Cardinals fans are lucky to have a pantheon of postseason heroes to glorify. In many cases, describing the moment is unnecessary — their names alone evoke images of playoff glory: Enos, Gibbie, Ozzie, Waino and Freese. But those players are legends. They’re either Hall of Famers (Enos Slaughter, Bob Gibson and Ozzie Smith), stars (Adam Wainwright) or as close as you can get to “folk hero” in St. Louis (David Freese).

But how does a 22 year-old-kid from Texarkana, Tex. who was pitching at Texas A&M this time last year save a team’s season? Having a mid-90s fastball you can throw for strikes certainly helps. Wacha has thrown his fastball 711 times this season, comprising 64.9 percent of his pitch total. Of those 711, 477 — or 67.1 percent — have been strikes. Batters facing Wacha heaters have little success, producing a paltry .211 batting average and an unimpressive .263 on-base percentage. In fact, opposing batters are more likely to strike out — in 22 percent of at bats — than they are to get a hit off of a Wacha fastball. By the numbers, Wacha’s near-no hitter against the Washington Nationals seems less of a fluke than a demonstration of what he can do with a fastball.

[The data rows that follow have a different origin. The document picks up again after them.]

lemma conv_K_UNIV: "conv_K UNIV X = convex hull X"
  unfolding conv_K_def convex_hull_explicit by auto

lemma conv_K_single: "1 \<in> K \<Longrightarrow> u \<in> A \<Longrightarrow> u \<in> conv_K K A"
  unfolding conv_K_def by (intro CollectI exI[of _ "{u}"] exI[of _ "\<lambda>_. 1"]) auto

lemma conv_K_functional:
  fixes \<phi> :: "'a::real_vector \<Rightarrow> real"
  assumes lin: "linear \<phi>" and z: "z \<in> conv_K K A"
  shows "(\<forall>s\<in>A. \<phi> s \<le> M) \<Longrightarrow> \<phi> z \<le> M" and "(\<forall>s\<in>A. \<phi> s = M) \<Longrightarrow> \<phi> z = M"
proof -
  obtain S r where S: "finite S" "S \<subseteq> A" "\<forall>s\<in>S. 0 \<le> r s" "sum r S = 1"
    "z = (\<Sum>s\<in>S. r s *\<^sub>R s)" using z unfolding conv_K_def by blast
  have \<phi>z: "\<phi> z = (\<Sum>s\<in>S. r s * \<phi> s)"
    using S(5) lin by (simp add: linear_sum linear_scale)
  have M: "M = (\<Sum>s\<in>S. r s * M)" using S(4) by (simp flip: sum_distrib_right)
  show "(\<forall>s\<in>A. \<phi> s \<le> M) \<Longrightarrow> \<phi> z \<le> M"
    unfolding \<phi>z by (subst M) (use S in \<open>auto intro!: sum_mono mult_left_mono\<close>)
  show "(\<forall>s\<in>A. \<phi> s = M) \<Longrightarrow> \<phi> z = M"
    unfolding \<phi>z by (subst M) (use S in \<open>auto intro!: sum.cong\<close>)
qed

text \<open>A point of \<open>conv_F Y\<close> has value \<open>M\<close>,
  while writing it as a proper combination through some \<open>u\<close> forces \<open>u\<close> to have value \<open>M\<close>, too
  (and through \<open>0\<close> it would force \<open>M = 0\<close>).\<close>
lemma exposed_positive_weak_face:
  fixes \<phi> :: "'a::real_vector \<Rightarrow> real"
  assumes F: "real_subfield F" and lin: "linear \<phi>" and M: "M > 0"
    and le: "\<forall>x\<in>X. \<phi> x \<le> M" and Y: "Y = {x \<in> X. \<phi> x = M}"
  shows "positive_weak_face F Y X"
proof -
  have through: "\<phi> u = M"
    if U: "\<forall>s\<in>U. \<phi> s \<le> M" and u: "u \<in> U" and meets: "meets_relint F Y U" for U u
  proof -
    obtain p where p: "p \<in> conv_K F Y" "p \<in> relint_K F (conv_K F U)"
      using meets unfolding meets_relint_def by blast
    have "\<phi> p = M" using conv_K_functional(2)[OF lin p(1)] Y by blast
    obtain z t where zt: "z \<in> conv_K F U" "0 < t" "t < 1" "p = t *\<^sub>R u + (1 - t) *\<^sub>R z"
      using p(2) conv_K_single[OF subfield_1[OF F] u] unfolding relint_K_def by blast
    have "\<phi> z \<le> M" using conv_K_functional(1)[OF lin zt(1)] U by blast
    have "M = t * \<phi> u + (1 - t) * \<phi> z"
      using \<open>\<phi> p = M\<close> zt(4) lin by (simp add: linear_add linear_scale)
    also have "\<dots> \<le> t * \<phi> u + (1 - t) * M"
      using \<open>\<phi> z \<le> M\<close> zt(3) by (simp add: mult_left_mono)
    finally have "t * M \<le> t * \<phi> u" by (simp add: algebra_simps)
    then show "\<phi> u = M" using zt(2) U u by (simp add: mult_le_cancel_left_pos order_antisym)
  qed
  have "weak_face F Y X"
    unfolding weak_face_iff using Y le through by blast
  moreover have "\<not> meets_relint F Y (U \<union> {0})" if "U \<subseteq> X" for U
    using through[of "U \<union> {0}" 0] that le M lin by (auto simp: linear_0)
  ultimately show ?thesis unfolding positive_weak_face_iff by blast
qed

lemma conv_K_finite:
  assumes K: "0 \<in> K" and fin: "finite U" and w: "w \<in> conv_K K U"
  obtains r where "\<forall>u\<in>U. r u \<in> K \<and> 0 \<le> r u" "sum r U = 1" "w = (\<Sum>u\<in>U. r u *\<^sub>R u)"
proof -
  obtain S r where S: "finite S" "S \<subseteq> U" "\<forall>s\<in>S. r s \<in> K \<and> 0 \<le> r s" "sum r S = 1"
    "w = (\<Sum>s\<in>S. r s *\<^sub>R s)" using w unfolding conv_K_def by blast
  define r' where "r' u = (if u \<in> S then r u else 0)" for u
  have "sum r' U = sum r S" "(\<Sum>u\<in>U. r' u *\<^sub>R u) = (\<Sum>s\<in>S. r s *\<^sub>R s)"
    using S(2) fin by (simp_all add: r'_def if_distrib[of "\<lambda>x. x *\<^sub>R _"] sum.If_cases
        Int_absorb1 cong: if_cong)
  then show ?thesis using that[of r'] S K by (auto simp: r'_def)
qed

text \<open>A convex combination with strictly positive coefficients in \<open>F\<close> lies in the relative
  \<open>F\<close>-interior of \<open>conv_F U\<close>: for any \<open>w \<in> conv_F U\<close> and \<open>t\<close> below half the least coefficient,
  \<open>p - t w\<close> still has nonnegative coefficients.\<close>
lemma positive_combination_relint_K:
  assumes F: "real_subfield F" and fin: "finite U" and \<beta>: "\<forall>u\<in>U. \<beta> u \<in> F \<and> \<beta> u > 0"
    and \<beta>1: "sum \<beta> U = 1"
  shows "(\<Sum>u\<in>U. \<beta> u *\<^sub>R u) \<in> relint_K F (conv_K F U)"
proof -
  let ?p = "\<Sum>u\<in>U. \<beta> u *\<^sub>R u"
  have U: "U \<noteq> {}" using \<beta>1 by auto
  have p: "?p \<in> conv_K F U" unfolding conv_K_def
    using fin \<beta> \<beta>1 by (intro CollectI exI[of _ U] exI[of _ \<beta>]) auto
  define t where "t = Min (\<beta> ` U) / 2"
  have "Min (\<beta> ` U) \<in> \<beta> ` U" "\<forall>u\<in>U. Min (\<beta> ` U) \<le> \<beta> u" using fin U by simp_all
  then have t: "t \<in> F" "0 < t" "\<forall>u\<in>U. t < \<beta> u"
    using \<beta> fin subfield_divide[OF F _ subfield_add[OF F subfield_1[OF F] subfield_1[OF F]]]
    by (fastforce simp: t_def)+
  have "t < 1" using t(3) U fin \<beta> \<beta>1 member_le_sum[of _ U \<beta>] by force
  have "\<exists>z\<in>conv_K F U. ?p = t *\<^sub>R w + (1 - t) *\<^sub>R z" if w: "w \<in> conv_K F U" for w
  proof -
    obtain r where r: "\<forall>u\<in>U. r u \<in> F \<and> 0 \<le> r u" "sum r U = 1" "w = (\<Sum>u\<in>U. r u *\<^sub>R u)"
      using conv_K_finite[OF subfield_0[OF F] fin w] by blast
    have small: "t * r u < \<beta> u" if u: "u \<in> U" for u
    proof -
      have "r u \<le> 1" using member_le_sum[of u U r] r fin u by auto
      then have "t * r u \<le> t" using mult_left_le[of "r u" t] t(2) by simp
      then show ?thesis using t(3) u by (meson order_le_less_trans)
    qed
    define \<gamma> where "\<gamma> u = (\<beta> u - t * r u) / (1 - t)" for u
    have \<gamma>F: "\<gamma> u \<in> F \<and> 0 \<le> \<gamma> u" if u: "u \<in> U" for u
    proof -
      have "0 \<le> \<beta> u - t * r u" using small[OF u] by simp
      moreover have "\<beta> u - t * r u \<in> F" "1 - t \<in> F"
        using \<beta> r(1) t(1) u subfield_1[OF F] by (auto intro!: subfield_diff[OF F] subfield_mult[OF F])
      ultimately show ?thesis using \<open>t < 1\<close> by (simp add: \<gamma>_def subfield_divide[OF F])
    qed
    have \<gamma>1: "sum \<gamma> U = 1"
      unfolding \<gamma>_def using \<beta>1 r(2) \<open>t < 1\<close>
      by (simp add: sum_subtractf flip: sum_divide_distrib sum_distrib_left)
    define z where "z = (\<Sum>u\<in>U. \<gamma> u *\<^sub>R u)"
    have "(1 - t) *\<^sub>R z = ?p - t *\<^sub>R w"
      using \<open>t < 1\<close> by (simp add: z_def \<gamma>_def scaleR_sum_right r(3) scaleR_diff_left sum_subtractf)
    then have "?p = t *\<^sub>R w + (1 - t) *\<^sub>R z" by simp
    moreover have "z \<in> conv_K F U" unfolding conv_K_def z_def
      using fin \<gamma>F \<gamma>1 by (intro CollectI exI[of _ U] exI[of _ \<gamma>]) auto
    ultimately show ?thesis by blast
  qed
  then show ?thesis using p t \<open>t < 1\<close> unfolding relint_K_def by blast
qed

With results like that, Wacha’s fastball has been one of the best among rookies in 2013. FanGraphs credits Wacha’s heater as 9.6 runs above average (FBv), which is good enough for 13th-best among MLB rookies. But the true value of a Wacha fastball emerges when you look at the 12 pitchers ahead of him on that list. Of those 12, 10 are relievers. Each one of those relievers has appeared in at least 39 games, and as many as 76. Only Miami’s Jose Fernandez and Cincinnati’s Tony Cingrani have started any games this season. Fernandez has 28 starts, 172.2 IP and an FBv of 14.3. Cingrani started 18 games and threw 104.2 innings for an FBv of 11.8. But Wacha only had nine starts and 64.2 IP in 2013, yet his FBv is 9.6 — barely two runs shy of Cingrani’s mark in 40 fewer innings. Perhaps most surprisingly, Wacha’s fastball has been more valuable than Shelby Miller’s, St. Louis’s other rookie starter — and Rookie of the Year candidate.

Wacha’s fastball was on display again in Game 4 against the Pirates, and again, it was a main factor in his success. The St. Louis starter threw 96 pitches in 7.1 IP, 65 of which were heaters, and 61.5 percent of which were strikes. His average velocity was 94.9 mph, but his maximum velocity lit up the gun at 97.4 mph. Even as late as the seventh inning, Wacha topped 96 mph. His one mistake was a fastball — a 94 mph fastball, at that — at the knees of Pedro Alvarez, who turned on it for a home run. It was the only hit Wacha surrendered in the game.

With just a few hours remaining before the first pitch, Pittsburgh starter Gerrit Cole and St. Louis starter Adam Wainwright are limbering up, going over matchups and mentally preparing themselves for what could be their last game of the season. It has all the makings of a pitchers’ duel. But Cardinals fans should remember — they wouldn’t be here without Michael Wacha.